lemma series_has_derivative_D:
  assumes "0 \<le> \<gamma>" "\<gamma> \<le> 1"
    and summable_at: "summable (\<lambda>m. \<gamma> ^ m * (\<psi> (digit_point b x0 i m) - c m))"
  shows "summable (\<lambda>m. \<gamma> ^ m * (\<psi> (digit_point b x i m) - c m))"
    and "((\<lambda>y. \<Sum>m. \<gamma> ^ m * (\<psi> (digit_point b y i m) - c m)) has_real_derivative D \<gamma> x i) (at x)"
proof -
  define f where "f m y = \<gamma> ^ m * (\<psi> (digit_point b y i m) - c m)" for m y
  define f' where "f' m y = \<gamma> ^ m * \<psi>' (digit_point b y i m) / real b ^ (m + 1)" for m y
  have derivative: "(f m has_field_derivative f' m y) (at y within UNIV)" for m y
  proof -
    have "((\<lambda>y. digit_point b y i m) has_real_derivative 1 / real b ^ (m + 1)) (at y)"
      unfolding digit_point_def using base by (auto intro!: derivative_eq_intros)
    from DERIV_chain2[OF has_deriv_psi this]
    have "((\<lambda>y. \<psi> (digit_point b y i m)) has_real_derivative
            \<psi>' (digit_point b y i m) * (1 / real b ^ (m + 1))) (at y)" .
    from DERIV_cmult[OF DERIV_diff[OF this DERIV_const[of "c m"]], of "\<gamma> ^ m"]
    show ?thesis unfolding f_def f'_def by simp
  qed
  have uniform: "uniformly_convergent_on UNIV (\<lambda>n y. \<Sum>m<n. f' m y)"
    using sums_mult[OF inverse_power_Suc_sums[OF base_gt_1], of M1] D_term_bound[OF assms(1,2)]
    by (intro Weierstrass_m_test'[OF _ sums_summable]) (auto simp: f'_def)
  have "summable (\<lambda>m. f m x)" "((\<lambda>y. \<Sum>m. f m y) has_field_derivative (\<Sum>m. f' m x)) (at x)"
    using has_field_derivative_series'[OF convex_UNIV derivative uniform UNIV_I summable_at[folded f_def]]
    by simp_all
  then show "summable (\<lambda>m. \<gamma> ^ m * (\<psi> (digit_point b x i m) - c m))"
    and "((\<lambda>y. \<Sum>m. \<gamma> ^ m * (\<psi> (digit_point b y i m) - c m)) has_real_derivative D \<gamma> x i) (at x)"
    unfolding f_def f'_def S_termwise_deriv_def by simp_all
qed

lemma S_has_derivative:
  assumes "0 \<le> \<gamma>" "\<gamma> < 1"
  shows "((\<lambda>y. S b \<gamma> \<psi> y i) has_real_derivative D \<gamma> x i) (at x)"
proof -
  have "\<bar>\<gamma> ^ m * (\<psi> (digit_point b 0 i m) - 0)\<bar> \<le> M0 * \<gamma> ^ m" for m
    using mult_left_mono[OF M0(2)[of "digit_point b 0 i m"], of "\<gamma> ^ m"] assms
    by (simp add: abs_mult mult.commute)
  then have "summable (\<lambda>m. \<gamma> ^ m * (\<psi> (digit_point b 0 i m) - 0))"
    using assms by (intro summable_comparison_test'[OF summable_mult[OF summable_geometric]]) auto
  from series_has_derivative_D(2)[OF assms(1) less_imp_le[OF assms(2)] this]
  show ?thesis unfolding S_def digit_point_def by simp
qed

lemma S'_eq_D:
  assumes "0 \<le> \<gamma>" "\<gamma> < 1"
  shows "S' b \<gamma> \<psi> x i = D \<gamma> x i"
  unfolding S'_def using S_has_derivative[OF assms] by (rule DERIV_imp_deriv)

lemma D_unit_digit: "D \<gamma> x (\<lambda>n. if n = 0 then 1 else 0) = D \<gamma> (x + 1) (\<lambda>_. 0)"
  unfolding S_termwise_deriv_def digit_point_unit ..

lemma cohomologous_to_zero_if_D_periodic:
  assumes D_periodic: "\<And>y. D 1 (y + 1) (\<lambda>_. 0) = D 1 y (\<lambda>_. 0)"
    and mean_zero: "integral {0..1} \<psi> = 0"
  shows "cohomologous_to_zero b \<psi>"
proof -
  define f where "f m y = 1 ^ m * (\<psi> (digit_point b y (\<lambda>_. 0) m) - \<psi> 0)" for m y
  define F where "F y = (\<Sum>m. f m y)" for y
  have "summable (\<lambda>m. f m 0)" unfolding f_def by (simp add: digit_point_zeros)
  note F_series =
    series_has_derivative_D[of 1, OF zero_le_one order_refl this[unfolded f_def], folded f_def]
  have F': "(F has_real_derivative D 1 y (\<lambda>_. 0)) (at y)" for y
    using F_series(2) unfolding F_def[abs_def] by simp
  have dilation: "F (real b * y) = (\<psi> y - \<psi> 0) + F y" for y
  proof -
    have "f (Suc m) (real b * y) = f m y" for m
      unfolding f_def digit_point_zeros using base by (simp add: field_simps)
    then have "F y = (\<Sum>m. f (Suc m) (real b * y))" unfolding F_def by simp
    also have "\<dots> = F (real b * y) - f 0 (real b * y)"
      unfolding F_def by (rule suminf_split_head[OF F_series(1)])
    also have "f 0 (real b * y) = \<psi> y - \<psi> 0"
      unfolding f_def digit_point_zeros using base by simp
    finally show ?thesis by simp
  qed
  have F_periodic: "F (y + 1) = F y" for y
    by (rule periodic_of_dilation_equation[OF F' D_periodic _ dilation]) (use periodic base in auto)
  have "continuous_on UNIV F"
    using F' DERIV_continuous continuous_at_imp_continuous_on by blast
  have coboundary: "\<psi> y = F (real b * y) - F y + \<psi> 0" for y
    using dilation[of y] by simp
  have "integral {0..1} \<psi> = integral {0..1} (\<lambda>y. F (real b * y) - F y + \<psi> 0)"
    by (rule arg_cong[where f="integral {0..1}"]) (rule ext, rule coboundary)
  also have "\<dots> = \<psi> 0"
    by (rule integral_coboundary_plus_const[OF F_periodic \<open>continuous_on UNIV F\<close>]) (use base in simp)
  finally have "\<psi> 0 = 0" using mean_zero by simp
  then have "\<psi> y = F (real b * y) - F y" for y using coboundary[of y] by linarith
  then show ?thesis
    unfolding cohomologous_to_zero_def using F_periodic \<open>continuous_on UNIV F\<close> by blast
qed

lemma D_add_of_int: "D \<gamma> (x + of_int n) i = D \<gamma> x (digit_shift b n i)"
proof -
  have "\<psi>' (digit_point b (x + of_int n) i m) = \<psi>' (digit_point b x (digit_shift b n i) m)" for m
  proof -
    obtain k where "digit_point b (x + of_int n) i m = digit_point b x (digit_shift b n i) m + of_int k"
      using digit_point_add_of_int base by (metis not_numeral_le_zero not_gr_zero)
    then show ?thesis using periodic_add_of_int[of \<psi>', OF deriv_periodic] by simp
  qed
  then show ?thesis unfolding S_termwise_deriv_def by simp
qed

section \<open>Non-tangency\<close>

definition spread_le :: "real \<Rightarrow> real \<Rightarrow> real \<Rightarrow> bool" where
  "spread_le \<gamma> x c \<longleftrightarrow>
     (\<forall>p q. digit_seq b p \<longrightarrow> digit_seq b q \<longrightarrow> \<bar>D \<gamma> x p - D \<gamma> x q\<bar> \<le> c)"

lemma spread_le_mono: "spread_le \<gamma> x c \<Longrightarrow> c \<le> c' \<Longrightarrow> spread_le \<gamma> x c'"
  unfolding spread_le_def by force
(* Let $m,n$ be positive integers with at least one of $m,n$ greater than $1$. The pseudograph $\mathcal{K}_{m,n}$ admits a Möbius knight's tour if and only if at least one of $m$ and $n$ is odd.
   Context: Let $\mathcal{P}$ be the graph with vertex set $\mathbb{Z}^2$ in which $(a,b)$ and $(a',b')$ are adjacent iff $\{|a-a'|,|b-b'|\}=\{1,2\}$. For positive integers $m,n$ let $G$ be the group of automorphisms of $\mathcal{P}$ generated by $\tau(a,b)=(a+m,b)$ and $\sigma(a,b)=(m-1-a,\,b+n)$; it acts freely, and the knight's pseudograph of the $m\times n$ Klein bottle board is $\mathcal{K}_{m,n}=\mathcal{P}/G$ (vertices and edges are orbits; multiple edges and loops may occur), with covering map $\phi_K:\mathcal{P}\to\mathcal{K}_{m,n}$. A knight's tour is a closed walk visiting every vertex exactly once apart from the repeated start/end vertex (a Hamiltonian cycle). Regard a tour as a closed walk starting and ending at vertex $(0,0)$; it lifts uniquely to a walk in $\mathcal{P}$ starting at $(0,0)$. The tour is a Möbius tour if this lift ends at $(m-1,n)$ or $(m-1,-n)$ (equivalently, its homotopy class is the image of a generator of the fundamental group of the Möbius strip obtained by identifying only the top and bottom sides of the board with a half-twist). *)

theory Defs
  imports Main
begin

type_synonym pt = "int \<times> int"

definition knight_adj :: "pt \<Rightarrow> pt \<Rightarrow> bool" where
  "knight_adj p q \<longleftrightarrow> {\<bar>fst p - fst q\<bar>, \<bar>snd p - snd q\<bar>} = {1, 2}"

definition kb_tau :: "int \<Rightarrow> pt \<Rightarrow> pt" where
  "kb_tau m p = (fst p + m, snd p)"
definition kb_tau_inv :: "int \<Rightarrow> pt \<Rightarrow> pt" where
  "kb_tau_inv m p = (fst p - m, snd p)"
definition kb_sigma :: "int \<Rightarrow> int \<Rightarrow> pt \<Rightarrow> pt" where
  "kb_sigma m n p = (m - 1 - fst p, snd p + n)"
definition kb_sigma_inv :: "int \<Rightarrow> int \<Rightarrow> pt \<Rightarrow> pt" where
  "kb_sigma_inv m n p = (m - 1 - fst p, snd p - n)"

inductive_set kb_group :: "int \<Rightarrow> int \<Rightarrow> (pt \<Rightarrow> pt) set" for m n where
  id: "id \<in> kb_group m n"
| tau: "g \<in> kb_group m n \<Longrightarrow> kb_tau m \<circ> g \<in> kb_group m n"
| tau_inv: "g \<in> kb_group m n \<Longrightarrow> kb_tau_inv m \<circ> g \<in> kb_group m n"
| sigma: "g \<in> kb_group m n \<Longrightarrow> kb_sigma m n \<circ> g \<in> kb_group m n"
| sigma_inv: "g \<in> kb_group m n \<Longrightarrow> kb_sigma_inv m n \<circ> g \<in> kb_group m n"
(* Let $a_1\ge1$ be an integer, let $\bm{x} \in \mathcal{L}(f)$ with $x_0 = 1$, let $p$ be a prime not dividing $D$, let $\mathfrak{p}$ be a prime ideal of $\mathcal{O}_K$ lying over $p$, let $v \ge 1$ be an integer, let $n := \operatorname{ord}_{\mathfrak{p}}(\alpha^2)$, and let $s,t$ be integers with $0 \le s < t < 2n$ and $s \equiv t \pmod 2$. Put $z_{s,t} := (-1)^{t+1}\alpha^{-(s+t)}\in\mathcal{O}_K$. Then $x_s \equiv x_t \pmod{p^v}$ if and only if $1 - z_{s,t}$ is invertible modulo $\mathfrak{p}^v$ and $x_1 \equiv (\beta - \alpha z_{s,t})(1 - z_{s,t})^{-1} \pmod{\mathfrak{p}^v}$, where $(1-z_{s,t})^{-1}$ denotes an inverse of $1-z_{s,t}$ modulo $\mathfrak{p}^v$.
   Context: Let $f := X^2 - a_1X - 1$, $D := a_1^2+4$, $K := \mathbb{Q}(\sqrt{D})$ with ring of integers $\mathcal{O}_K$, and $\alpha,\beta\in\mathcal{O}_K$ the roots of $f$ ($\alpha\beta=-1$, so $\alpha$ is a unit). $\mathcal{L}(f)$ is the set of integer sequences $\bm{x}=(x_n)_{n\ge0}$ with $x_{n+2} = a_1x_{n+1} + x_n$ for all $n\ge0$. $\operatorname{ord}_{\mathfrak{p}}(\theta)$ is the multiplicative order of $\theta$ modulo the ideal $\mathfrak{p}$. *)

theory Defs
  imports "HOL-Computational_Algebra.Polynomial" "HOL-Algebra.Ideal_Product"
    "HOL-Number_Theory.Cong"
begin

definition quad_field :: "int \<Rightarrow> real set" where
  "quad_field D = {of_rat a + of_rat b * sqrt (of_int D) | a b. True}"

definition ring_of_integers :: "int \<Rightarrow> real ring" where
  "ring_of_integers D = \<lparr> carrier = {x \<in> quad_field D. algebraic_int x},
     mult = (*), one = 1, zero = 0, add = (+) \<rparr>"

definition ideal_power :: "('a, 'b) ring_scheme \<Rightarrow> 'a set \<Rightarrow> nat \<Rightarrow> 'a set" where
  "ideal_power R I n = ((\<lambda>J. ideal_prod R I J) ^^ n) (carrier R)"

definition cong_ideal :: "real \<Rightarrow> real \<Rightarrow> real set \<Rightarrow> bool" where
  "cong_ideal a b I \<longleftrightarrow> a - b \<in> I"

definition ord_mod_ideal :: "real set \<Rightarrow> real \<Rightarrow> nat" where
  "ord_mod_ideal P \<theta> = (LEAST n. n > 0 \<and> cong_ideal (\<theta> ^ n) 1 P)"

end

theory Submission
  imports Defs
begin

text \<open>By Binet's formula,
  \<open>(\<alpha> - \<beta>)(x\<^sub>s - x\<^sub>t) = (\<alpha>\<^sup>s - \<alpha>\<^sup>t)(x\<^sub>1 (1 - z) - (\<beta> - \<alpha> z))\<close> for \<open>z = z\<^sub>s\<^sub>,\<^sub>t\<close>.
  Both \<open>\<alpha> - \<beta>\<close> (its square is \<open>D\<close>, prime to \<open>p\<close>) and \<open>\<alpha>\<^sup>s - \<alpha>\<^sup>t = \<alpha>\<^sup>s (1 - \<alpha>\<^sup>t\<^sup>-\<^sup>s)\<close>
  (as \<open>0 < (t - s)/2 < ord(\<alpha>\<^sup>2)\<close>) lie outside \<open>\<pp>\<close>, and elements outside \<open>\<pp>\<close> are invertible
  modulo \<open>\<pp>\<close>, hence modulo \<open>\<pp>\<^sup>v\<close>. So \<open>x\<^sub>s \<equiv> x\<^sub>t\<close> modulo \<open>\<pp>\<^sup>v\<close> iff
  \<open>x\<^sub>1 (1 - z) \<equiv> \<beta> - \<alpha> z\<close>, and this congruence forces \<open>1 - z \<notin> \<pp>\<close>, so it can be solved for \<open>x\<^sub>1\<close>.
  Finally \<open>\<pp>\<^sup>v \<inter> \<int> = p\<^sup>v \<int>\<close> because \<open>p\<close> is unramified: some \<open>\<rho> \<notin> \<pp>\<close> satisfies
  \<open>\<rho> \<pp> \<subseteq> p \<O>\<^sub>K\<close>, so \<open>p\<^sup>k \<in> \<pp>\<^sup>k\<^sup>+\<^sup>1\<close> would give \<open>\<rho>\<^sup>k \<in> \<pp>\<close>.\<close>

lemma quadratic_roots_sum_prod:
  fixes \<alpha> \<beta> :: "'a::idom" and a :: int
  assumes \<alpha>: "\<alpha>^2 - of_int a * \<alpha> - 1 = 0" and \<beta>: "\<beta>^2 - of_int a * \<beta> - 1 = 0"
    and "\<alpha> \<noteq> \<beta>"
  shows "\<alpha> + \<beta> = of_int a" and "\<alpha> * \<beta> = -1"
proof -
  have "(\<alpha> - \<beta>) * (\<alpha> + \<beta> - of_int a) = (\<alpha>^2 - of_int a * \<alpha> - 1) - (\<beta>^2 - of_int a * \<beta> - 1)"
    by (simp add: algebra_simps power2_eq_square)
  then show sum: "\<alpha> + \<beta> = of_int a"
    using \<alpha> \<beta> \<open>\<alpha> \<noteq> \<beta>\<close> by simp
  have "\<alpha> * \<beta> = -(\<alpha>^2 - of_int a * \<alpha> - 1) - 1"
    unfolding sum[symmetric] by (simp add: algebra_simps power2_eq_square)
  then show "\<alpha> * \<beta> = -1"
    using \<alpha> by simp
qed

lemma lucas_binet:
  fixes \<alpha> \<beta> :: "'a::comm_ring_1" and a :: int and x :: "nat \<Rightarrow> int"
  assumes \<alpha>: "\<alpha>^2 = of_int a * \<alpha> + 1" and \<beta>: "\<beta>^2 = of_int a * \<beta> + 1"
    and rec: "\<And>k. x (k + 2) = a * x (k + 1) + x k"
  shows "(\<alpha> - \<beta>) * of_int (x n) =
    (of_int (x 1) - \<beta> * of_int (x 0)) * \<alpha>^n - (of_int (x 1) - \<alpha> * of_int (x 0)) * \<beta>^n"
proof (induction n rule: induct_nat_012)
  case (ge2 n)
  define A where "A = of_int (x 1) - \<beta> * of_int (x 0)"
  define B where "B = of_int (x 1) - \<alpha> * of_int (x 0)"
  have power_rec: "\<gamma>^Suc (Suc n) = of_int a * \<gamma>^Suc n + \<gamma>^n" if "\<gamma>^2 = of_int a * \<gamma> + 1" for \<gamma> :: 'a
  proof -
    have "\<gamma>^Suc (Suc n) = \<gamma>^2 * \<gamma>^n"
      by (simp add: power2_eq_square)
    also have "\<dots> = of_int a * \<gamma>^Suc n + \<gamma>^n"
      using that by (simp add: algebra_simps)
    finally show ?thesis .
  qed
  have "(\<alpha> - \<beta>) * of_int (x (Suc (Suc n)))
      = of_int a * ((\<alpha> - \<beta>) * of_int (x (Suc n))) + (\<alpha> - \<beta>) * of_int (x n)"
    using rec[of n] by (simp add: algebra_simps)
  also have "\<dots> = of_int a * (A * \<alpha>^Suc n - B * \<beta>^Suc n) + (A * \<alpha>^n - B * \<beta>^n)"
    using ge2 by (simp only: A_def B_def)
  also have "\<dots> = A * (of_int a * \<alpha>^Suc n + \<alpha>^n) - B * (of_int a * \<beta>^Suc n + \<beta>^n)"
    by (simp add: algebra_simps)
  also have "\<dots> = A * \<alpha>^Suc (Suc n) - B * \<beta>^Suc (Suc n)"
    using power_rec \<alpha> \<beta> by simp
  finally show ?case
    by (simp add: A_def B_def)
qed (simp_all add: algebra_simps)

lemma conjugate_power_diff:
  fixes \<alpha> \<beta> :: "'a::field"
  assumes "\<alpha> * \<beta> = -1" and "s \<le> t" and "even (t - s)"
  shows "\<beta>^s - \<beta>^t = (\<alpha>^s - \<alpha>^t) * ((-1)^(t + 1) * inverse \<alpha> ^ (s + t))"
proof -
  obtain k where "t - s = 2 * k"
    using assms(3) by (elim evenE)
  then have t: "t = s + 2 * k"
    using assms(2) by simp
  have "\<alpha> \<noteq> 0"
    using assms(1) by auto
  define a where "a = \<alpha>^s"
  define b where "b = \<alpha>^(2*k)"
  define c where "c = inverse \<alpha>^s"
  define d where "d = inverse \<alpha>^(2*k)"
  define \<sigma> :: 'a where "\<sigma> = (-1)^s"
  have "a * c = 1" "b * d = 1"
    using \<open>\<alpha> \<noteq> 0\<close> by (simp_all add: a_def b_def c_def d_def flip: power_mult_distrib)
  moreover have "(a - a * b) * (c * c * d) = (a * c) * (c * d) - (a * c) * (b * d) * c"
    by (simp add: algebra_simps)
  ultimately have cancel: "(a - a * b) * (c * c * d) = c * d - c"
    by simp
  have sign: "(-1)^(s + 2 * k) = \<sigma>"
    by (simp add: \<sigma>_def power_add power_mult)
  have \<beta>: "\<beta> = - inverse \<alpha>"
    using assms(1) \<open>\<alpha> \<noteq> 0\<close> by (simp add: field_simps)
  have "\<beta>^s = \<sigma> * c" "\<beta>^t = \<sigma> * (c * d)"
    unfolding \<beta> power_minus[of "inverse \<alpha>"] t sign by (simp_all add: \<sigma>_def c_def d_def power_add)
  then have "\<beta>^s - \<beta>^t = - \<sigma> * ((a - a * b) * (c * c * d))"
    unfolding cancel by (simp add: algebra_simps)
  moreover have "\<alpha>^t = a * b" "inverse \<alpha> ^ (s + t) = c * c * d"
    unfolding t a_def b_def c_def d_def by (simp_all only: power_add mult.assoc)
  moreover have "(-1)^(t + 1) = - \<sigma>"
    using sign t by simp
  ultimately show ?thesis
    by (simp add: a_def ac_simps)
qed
•••
Task to carry out: The first line of the records and every line down to the line with "from DERIV_chain2[OF has_deriv_psi this]" must be quoted exactly; leave out all else.

Answer box:
lemma series_has_derivative_D:
  assumes "0 \<le> \<gamma>" "\<gamma> \<le> 1"
    and summable_at: "summable (\<lambda>m. \<gamma> ^ m * (\<psi> (digit_point b x0 i m) - c m))"
  shows "summable (\<lambda>m. \<gamma> ^ m * (\<psi> (digit_point b x i m) - c m))"
    and "((\<lambda>y. \<Sum>m. \<gamma> ^ m * (\<psi> (digit_point b y i m) - c m)) has_real_derivative D \<gamma> x i) (at x)"
proof -
  define f where "f m y = \<gamma> ^ m * (\<psi> (digit_point b y i m) - c m)" for m y
  define f' where "f' m y = \<gamma> ^ m * \<psi>' (digit_point b y i m) / real b ^ (m + 1)" for m y
  have derivative: "(f m has_field_derivative f' m y) (at y within UNIV)" for m y
  proof -
    have "((\<lambda>y. digit_point b y i m) has_real_derivative 1 / real b ^ (m + 1)) (at y)"
      unfolding digit_point_def using base by (auto intro!: derivative_eq_intros)
    from DERIV_chain2[OF has_deriv_psi this]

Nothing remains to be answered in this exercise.